(Collected data entries)
○ ○ ○ ○ ○

lemma weight_lepoll_Pow_if_Gdelta_dense:
  fixes A :: "'a set"
  assumes "topological_group G T" "compact_space T" "has_weight T S" "Gdelta_dense T D" "D \<lesssim> A"
  shows "S \<lesssim> Pow A"
proof -
  have "Hausdorff_space T"
    using assms(1) unfolding topological_group_def by blast
  then have "S \<lesssim> Pow D"
    using has_weight_lepoll_Pow_dense[OF compact_Hausdorff_imp_regular_space[OF assms(2)] assms(3)
        Gdelta_dense_imp_dense[OF assms(4)]] by simp
  then show ?thesis
    using Pow_lepoll_mono[OF assms(5)] by (rule lepoll_trans)
qed

lemma realizing_set_exists:
  assumes "0 < p" "infinite (UNIV :: 's set)" "(UNIV :: 's set) \<lesssim> Pow (UNIV :: 'a set)"
    and "(UNIV :: (nat \<Rightarrow> 'a) set) \<lesssim> (UNIV :: 's set)"
  obtains H :: "('s \<Rightarrow> nat) set" where "H \<subseteq> carrier (Zp_group p)"
    "\<And>C a. countable C \<Longrightarrow> C \<subseteq> H \<Longrightarrow> \<exists>i. \<forall>h\<in>C. h i = a h mod p"
    "\<And>J g. countable J \<Longrightarrow> \<exists>h\<in>H. \<forall>j\<in>J. h j = g j mod p"
proof -
  obtain emb :: "'s \<Rightarrow> 'a set" where emb: "inj emb"
    using assms(3) unfolding lepoll_def by auto
  have "infinite (UNIV :: 'a set)"
  proof
    assume "finite (UNIV :: 'a set)"
    then have "finite (range emb)"
      by (simp add: Finite_Set.finite_set finite_subset[OF subset_UNIV])
    then show False
      using finite_imageD[OF _ emb] assms(2) by blast
  qed
  then have "(UNIV :: (nat \<Rightarrow> 'a column_code \<times> nat) set) \<lesssim> (UNIV :: 's set)"
    by (rule lepoll_trans[OF nat_fun_column_code_lepoll assms(4)])
  then obtain req :: "(nat \<Rightarrow> 'a column_code \<times> nat) \<Rightarrow> 's" where "inj req"
    unfolding lepoll_def by auto
  define M where "M = coding_matrix p emb req"
  define H where "H = range (\<lambda>y i. M i y)"
  have carrier: "H \<subseteq> carrier (Zp_group p)"
    unfolding H_def M_def using coding_matrix_less[OF assms(1)] by auto
  have rows: "\<exists>i. \<forall>h\<in>C. h i = a h mod p" if "countable C" "C \<subseteq> H" for C a
    using columns_realize_rows[where M = "coding_matrix p emb req",
          OF coding_matrix_realizes_rows[OF \<open>inj req\<close>]] that
    unfolding H_def M_def by simp
  have columns: "\<exists>h\<in>H. \<forall>j\<in>J. h j = g j mod p" if J: "countable J" for J g
  proof -
    obtain y where "\<forall>j\<in>J. M j y = g j mod p"
      using coding_matrix_realizes_columns[OF emb J assms(1), where req = req and g = g]
      unfolding M_def by blast
    then show ?thesis
      unfolding H_def by (intro bexI[of _ "\<lambda>i. M i y"]) auto
  qed
  show thesis
    by (rule that[OF carrier rows columns])
qed
lemma level_link_edges: assumes "Suc k < L"
  shows "(ls k, la (Suc k)) \<in> E" "(la (Suc k), lt k) \<in> E" "(ls k, lb (Suc k)) \<in> E" "(lb k, lt (Suc k)) \<in> E"
  using assms unfolding E_iff by (blast intro: routed.intros)+

lemma last_level_edge: "0 < L \<Longrightarrow> (ls (L - 1), lt (L - 1)) \<in> E"
  unfolding E_iff by (blast intro: routed.intros)

lemma E_subset: "E \<subseteq> V \<times> V"
  using T_pos by (auto simp: E_iff vertices_in_V elim!: routed.cases)

lemma finite_E: "finite E"
  using finite_subset[OF E_subset] unfolding V_def by auto

definition rank :: "nat \<Rightarrow> nat" where
  "rank v = (if v < 3 * T then (if v mod 3 = 0 then 0 else if v mod 3 = 2 then 3
                               else if v div 3 = T - 1 \<and> 0 < L then 2 else 1)
             else (if (v - 3 * T) mod 4 = 0 then 0 else if (v - 3 * T) mod 4 = 1 then 2 else 1))"

lemma rank_simps:
  "i < T \<Longrightarrow> rank (tb i) = 0" "i < T \<Longrightarrow> rank (tt i) = 3"
  "i < T \<Longrightarrow> rank (tm i) = (if i = T - 1 \<and> 0 < L then 2 else 1)"
  "rank (ls k) = 0" "rank (lt k) = 2" "rank (la k) = 1" "rank (lb k) = 1"
proof -
  have tri: "(3 * i) mod 3 = 0" "(3 * i + 1) mod 3 = 1" "(3 * i + 2) mod 3 = 2" "(3 * i + 1) div 3 = i"
    for i :: nat by presburger+
  have lev: "(4 * k) mod 4 = 0" "(4 * k + 1) mod 4 = 1" "(4 * k + 2) mod 4 = 2" "(4 * k + 3) mod 4 = 3"
    for k :: nat by presburger+
  show "i < T \<Longrightarrow> rank (tb i) = 0" "i < T \<Longrightarrow> rank (tt i) = 3"
    "i < T \<Longrightarrow> rank (tm i) = (if i = T - 1 \<and> 0 < L then 2 else 1)"
    unfolding rank_def vertex_defs by (simp_all only: tri) auto
  show "rank (ls k) = 0" "rank (lt k) = 2" "rank (la k) = 1" "rank (lb k) = 1"
  proof -
    have "\<not> ls k < 3 * T" "\<not> lt k < 3 * T" "\<not> la k < 3 * T" "\<not> lb k < 3 * T"
      "ls k - 3 * T = 4 * k" "lt k - 3 * T = 4 * k + 1" "la k - 3 * T = 4 * k + 2" "lb k - 3 * T = 4 * k + 3"
      unfolding vertex_defs by auto
    thus "rank (ls k) = 0" "rank (lt k) = 2" "rank (la k) = 1" "rank (lb k) = 1"
      unfolding rank_def by (simp_all only: lev if_False) simp_all
  qed
qed
(* For all integers $m,n\geq 5$ with $m\neq 6$, $m\neq 8$ and $n\neq 7$, $\chi_i(C_m\Box C_n)\leq 6$.
   Context: For a graph $G$, an incidence is a pair $(v,e)$ with $v\in V(G)$, $e\in E(G)$ and $v$ incident with $e$. Two incidences $(v,e)$ and $(w,f)$ are adjacent if $v=w$, or $e=f$, or the edge $vw$ equals $e$ or $f$. An incidence $k$-coloring of $G$ is a map from the set of incidences of $G$ to a set of $k$ colors such that adjacent incidences receive distinct colors; the incidence chromatic number $\chi_i(G)$ is the least such $k$. $C_n$ denotes the cycle on $n$ vertices and $\Box$ the Cartesian product of graphs: $G\Box H$ has vertex set $V(G)\times V(H)$, with $(u_1,v_1)$ adjacent to $(u_2,v_2)$ iff either $u_1=u_2$ and $v_1v_2\in E(H)$, or $v_1=v_2$ and $u_1u_2\in E(G)$. *)

theory Defs
  imports Main
begin

text \<open>A simple graph is a pair (V, E) where E is a set of 2-element subsets of V.\<close>
type_synonym 'a graph = "'a set \<times> 'a set set"

definition verts :: "'a graph \<Rightarrow> 'a set" where "verts G = fst G"
definition edges :: "'a graph \<Rightarrow> 'a set set" where "edges G = snd G"

definition incidences :: "'a graph \<Rightarrow> ('a \<times> 'a set) set" where
  "incidences G = {(v, e). e \<in> edges G \<and> v \<in> e \<and> v \<in> verts G}"
(* A $\mathbb{B}$-topological space $(X,\tau)$ is regular if and only if both topological spaces $(X,\tau[tt])$ and $(X,\tau[ff])$ are regular. In particular, for every topological space $(X,\mathcal{T})$, the $\mathbb{B}$-topological space $\omega(X,\mathcal{T})$ is regular if and only if $(X,\mathcal{T})$ is regular.
   Context: $\mathbb{B}=\{0,1,tt,ff\}$ is the four-element Boolean algebra with bottom $0$, top $1$, and $tt,ff$ incomparable complements; $\neg$ its complement. A $\mathbb{B}$-topology on $X$ is $\tau\subseteq\mathbb{B}^X$ containing all constant maps and closed under arbitrary pointwise joins and finite pointwise meets; $\mu$ is closed if $\neg\mu\in\tau$; $\overline{\mu}$ is the pointwise meet of all closed sets $\ge\mu$. $\tau[b]=\{\lambda[b]:\lambda\in\tau\}$ with $\lambda[b]=\{x:\lambda(x)\ge b\}$. $(X,\tau)$ is regular if for every $\lambda\in\tau$, $\lambda=\bigvee\{\mu\in\tau:\overline{\mu}\le\lambda\}$. For a topological space $(X,\mathcal{T})$, $\omega(\mathcal{T})=\{\lambda\in\mathbb{B}^X:\lambda[tt]\in\mathcal{T},\lambda[ff]\in\mathcal{T}\}$ and $\omega(X,\mathcal{T})=(X,\omega(\mathcal{T}))$. A topological space is regular if every neighbourhood of a point contains a closed neighbourhood of that point (no $T_1$ assumption). *)

theory Defs
  imports "HOL-Analysis.Analysis" "HOL-Library.Product_Order"
begin

text \<open>The four-element Boolean algebra B = {0,1,tt,ff} is represented as bool \<times> bool
  with the componentwise order: 0 = bot = (False,False), 1 = top = (True,True),
  tt = (True,False), ff = (False,True); complement is the Boolean-algebra uminus.\<close>

type_synonym B4 = "bool \<times> bool"

definition tt :: B4 where "tt = (True, False)"
definition ff :: B4 where "ff = (False, True)"

definition Bmaps :: "'a set \<Rightarrow> ('a \<Rightarrow> B4) set" where
  "Bmaps X = {f. \<forall>x. x \<notin> X \<longrightarrow> f x = bot}"

definition constB :: "'a set \<Rightarrow> B4 \<Rightarrow> 'a \<Rightarrow> B4" where
  "constB X b = (\<lambda>x. if x \<in> X then b else bot)"

definition is_Btopology :: "'a set \<Rightarrow> ('a \<Rightarrow> B4) set \<Rightarrow> bool" where
  "is_Btopology X \<tau> \<longleftrightarrow>
     \<tau> \<subseteq> Bmaps X \<and>
     (\<forall>b. constB X b \<in> \<tau>) \<and>
     (\<forall>S. S \<subseteq> \<tau> \<longrightarrow> (\<lambda>x. SUP f\<in>S. f x) \<in> \<tau>) \<and>
     (\<forall>f\<in>\<tau>. \<forall>g\<in>\<tau>. (\<lambda>x. inf (f x) (g x)) \<in> \<tau>)"

definition Bcompl :: "'a set \<Rightarrow> ('a \<Rightarrow> B4) \<Rightarrow> 'a \<Rightarrow> B4" where
  "Bcompl X \<mu> = (\<lambda>x. if x \<in> X then - \<mu> x else bot)"

definition Bclosed :: "'a set \<Rightarrow> ('a \<Rightarrow> B4) set \<Rightarrow> ('a \<Rightarrow> B4) \<Rightarrow> bool" where
  "Bclosed X \<tau> \<mu> \<longleftrightarrow> \<mu> \<in> Bmaps X \<and> Bcompl X \<mu> \<in> \<tau>"

definition Bclosure :: "'a set \<Rightarrow> ('a \<Rightarrow> B4) set \<Rightarrow> ('a \<Rightarrow> B4) \<Rightarrow> 'a \<Rightarrow> B4" where
  "Bclosure X \<tau> \<mu> = (\<lambda>x. if x \<in> X then (INF \<nu>\<in>{\<nu>. Bclosed X \<tau> \<nu> \<and> (\<forall>y. \<mu> y \<le> \<nu> y)}. \<nu> x) else bot)"

definition Bregular :: "'a set \<Rightarrow> ('a \<Rightarrow> B4) set \<Rightarrow> bool" where
  "Bregular X \<tau> \<longleftrightarrow>
     (\<forall>l\<in>\<tau>. l = (\<lambda>x. SUP \<mu>\<in>{\<mu>\<in>\<tau>. \<forall>y. Bclosure X \<tau> \<mu> y \<le> l y}. \<mu> x))"

definition level :: "'a set \<Rightarrow> ('a \<Rightarrow> B4) \<Rightarrow> B4 \<Rightarrow> 'a set" where
  "level X l b = {x \<in> X. b \<le> l x}"

definition Blevel_top :: "'a set \<Rightarrow> ('a \<Rightarrow> B4) set \<Rightarrow> B4 \<Rightarrow> 'a topology" where
  "Blevel_top X \<tau> b = topology (\<lambda>U. U \<in> (\<lambda>l. level X l b) ` \<tau>)"

definition omegaB :: "'a topology \<Rightarrow> ('a \<Rightarrow> B4) set" where
  "omegaB T = {l \<in> Bmaps (topspace T).
      openin T (level (topspace T) l tt) \<and> openin T (level (topspace T) l ff)}"

end

theory Submission
  imports Defs
begin

text \<open>The elements tt and ff are the atoms of B, and every element of B is the join of the
  atoms below it. Hence a B-valued map is determined by its two level sets, joins, meets and
  complements act levelwise, the B-closure of \<open>\<mu>\<close> at level a is the closure of \<open>\<mu>[a]\<close>
  in \<open>\<tau>[a]\<close>, and the B-regularity condition splits into the regularity of the two
  level topologies. For \<open>\<omega>(T)\<close> both level topologies are T itself.\<close>

lemma regular_space_closure_of_nbhd:
  "regular_space X \<longleftrightarrow> (\<forall>W x. openin X W \<and> x \<in> W \<longrightarrow> (\<exists>U. openin X U \<and> x \<in> U \<and> X closure_of U \<subseteq> W))"
  unfolding neighbourhood_base_of_closedin[symmetric] neighbourhood_base_of
  by (meson closedin_closure_of closure_of_minimal closure_of_subset openin_subset order_trans)


lemma atom_le_SUP:
  assumes "a \<in> {tt, ff}"
  shows "a \<le> (SUP i\<in>S. f i) \<longleftrightarrow> (\<exists>i\<in>S. a \<le> f i)"
  using assms by (auto simp: tt_def ff_def less_eq_prod_def fst_SUP snd_SUP)

lemma atom_le_uminus:
  assumes "a \<in> {tt, ff}"
  shows "a \<le> - p \<longleftrightarrow> \<not> a \<le> (p::B4)"
  using assms by (cases p) (auto simp: tt_def ff_def less_eq_prod_def)

lemma le_uminus_atom:
  assumes "a \<in> {tt, ff}"
  shows "p \<le> - a \<longleftrightarrow> \<not> a \<le> (p::B4)"
  using assms by (cases p) (auto simp: tt_def ff_def less_eq_prod_def)

lemma inf_atom:
  assumes "a \<in> {tt, ff}"
  shows "inf p a = (if a \<le> p then a else (bot::B4))"
  using assms by (cases p) (auto simp: tt_def ff_def less_eq_prod_def bot_prod_def)

lemma atom_le_atom:
  assumes "a \<in> {tt, ff}" "b \<in> {tt, ff}"
  shows "b \<le> a \<longleftrightarrow> b = a"
  using assms by (auto simp: tt_def ff_def less_eq_prod_def)

lemma B4_le_iff_atoms: "p \<le> q \<longleftrightarrow> (\<forall>a\<in>{tt, ff}. a \<le> p \<longrightarrow> a \<le> (q::B4))"
  by (cases p; cases q) (auto simp: tt_def ff_def less_eq_prod_def)

lemma atom_not_bot: "a \<in> {tt, ff} \<Longrightarrow> \<not> a \<le> bot"
  by (auto simp: tt_def ff_def less_eq_prod_def bot_prod_def)

definition Bchar :: "'a set \<Rightarrow> B4 \<Rightarrow> 'a \<Rightarrow> B4" where
  "Bchar U a = (\<lambda>x. if x \<in> U then a else bot)"

lemma level_Bchar:
  assumes "a \<in> {tt, ff}" "b \<in> {tt, ff}"
  shows "level X (Bchar U a) b = (if b = a then X \<inter> U else {})"
  using assms atom_le_atom[OF assms] atom_not_bot[OF assms(2)] by (auto simp: level_def Bchar_def)

lemma level_constB: "level X (constB X b) a = (if a \<le> b then X else {})"
  by (auto simp: level_def constB_def)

○ ○ ○ ○ ○

Your response should be made up of the lines in the data that contain the word "verts".

- _Exercise output_:
definition verts :: "'a graph \<Rightarrow> 'a set" where "verts G = fst G"
  "incidences G = {(v, e). e \<in> edges G \<and> v \<in> e \<and> v \<in> verts G}"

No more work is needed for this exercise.